Figure 3. Protocol for identification of macular hole and epiretinal membrane cases. Figure reprinted with permission from Parke and Lum. Return to the operating room after macular surgery IRIS Registry analysis. Ophthalmology. 2018;125(8):1273-1278.6


This is just the beginning of the real-world research that can be performed for vitreoretinal diseases with the IRIS Registry. In the future, studies will have expanded opportunities with improvements in data entry and extraction and the addition of digital downloads from ophthalmic cameras and other devices such as OCT scanners and visual field devices. In time, the information in the IRIS Registry can be combined with data from other medical registries as well as outputs from the operating room, laboratories, and genetic repositories. The IRIS Registry is ideal for performing phase 4 studies of new drugs and treatments as required by the FDA. Ultimately, we may be able to access in real time the outcomes of patients who have similar vitreoretinal conditions to those in our practice, and thus allow us to optimally personalize our patients’ treatment approach. RP


  1. Parke DW, Rich III WL, Sommer A, Lum F. The American Academy of Ophthalmology’s IRIS Registry (Intelligent Research in Sight clinical data): a look back and a look to the future. Ophthalmology. 2017;124(11):1572-1574.
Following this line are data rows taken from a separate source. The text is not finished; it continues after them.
lemma irreducible_matrix_Qmat: "irreducible_matrix V (Qmat b c act V \<alpha>)"
proof
  fix i j assume ij: "i \<in> V" "j \<in> V"
  let ?R = "\<lambda>i j. i \<in> V \<and> j \<in> V \<and> Qmat b c act V \<alpha> i j > 0"
  define rep where "rep x = snd (coord act V x)" for x
  have rep_act: "rep (act z v) = v" if "v \<in> V" for z v
    using that by (simp add: rep_def coord_act)
  have edge: "?R\<^sup>*\<^sup>* (rep x) (rep y)" if "b x y > 0" for x y
  proof (cases "x = y")
    case False
    obtain z1 v1 where v1: "v1 \<in> V" "x = act z1 v1" by (rule fundamental_domain_cases)
    obtain z2 v2 where v2: "v2 \<in> V" "y = act z2 v2" by (rule fundamental_domain_cases)
    have "act (- z1) y = act (- z1 + z2) v2"
      using v2 by (simp only: act_add)
    then have "b v1 (act (- z1 + z2) v2) = b x y"
      using b_act[OF False, of "- z1"] v1 by simp
    then have "Qmat b c act V \<alpha> v1 v2 > 0"
      using that Qmat_ge[OF v1(1) v2(1), where z = "- z1 + z2" and \<alpha> = \<alpha>] by (smt (verit) exp_gt_zero mult_pos_pos)
    then have "?R\<^sup>*\<^sup>* v1 v2"
      using v1 v2 by (intro r_into_rtranclp) simp
    then show ?thesis
      using v1 v2 by (simp add: rep_act)
  qed simp
  have "(\<lambda>u w. b u w > 0)\<^sup>*\<^sup>* i j"
    using connected by (simp add: connected_graph_def)
  then have "?R\<^sup>*\<^sup>* (rep i) (rep j)"
    by (induction rule: rtranclp_induct) (auto intro: rtranclp_trans edge)
  then show "?R\<^sup>*\<^sup>* i j"
    using rep_act[of i 0] rep_act[of j 0] ij by simp
qed (use finite_V V_nonempty Qmat_nonneg in auto)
  2. Atchison EA, Wood KM, Mattox CG, Barry CN, Lum F, MacCumber MW. The real-world effect of intravitreous anti-vascular endothelial growth factor drugs on intraocular pressure: an analysis using the IRIS Registry. Ophthalmology. 2018;125(5):676-682.
  3. Rao, P, Lum F, Wood, K, et al. Real-world vision in age-related macular degeneration patients treated with single anti-VEGF drug type for 1 year in the IRIS Registry. Ophthalmology. 2018;125(4):522-528.
  4. Willis JR, Chia Y, Morse LS, et al. Treatment patterns for diabetic macular edema in the united states: analysis of the IRIS Registry (Intelligent Research In Sight). Abstract presented at: The American Academy of Ophthalmology 2017 annual meeting; November 11-14, 2017; New Orleans, LA.
  5. Bakri SJ, Moshfeghi DM, Francom S, et al. Intraocular pressure in eyes receiving monthly ranibizumab in 2 pivotal age-related macular degeneration clinical trials. Ophthalmology. 2014;121(5):1102-1108.
  6. Parke DW 3rd, Lum F. Return to the operating room after macular surgery IRIS registry analysis. Ophthalmology. 2018;125(8):1273-1278.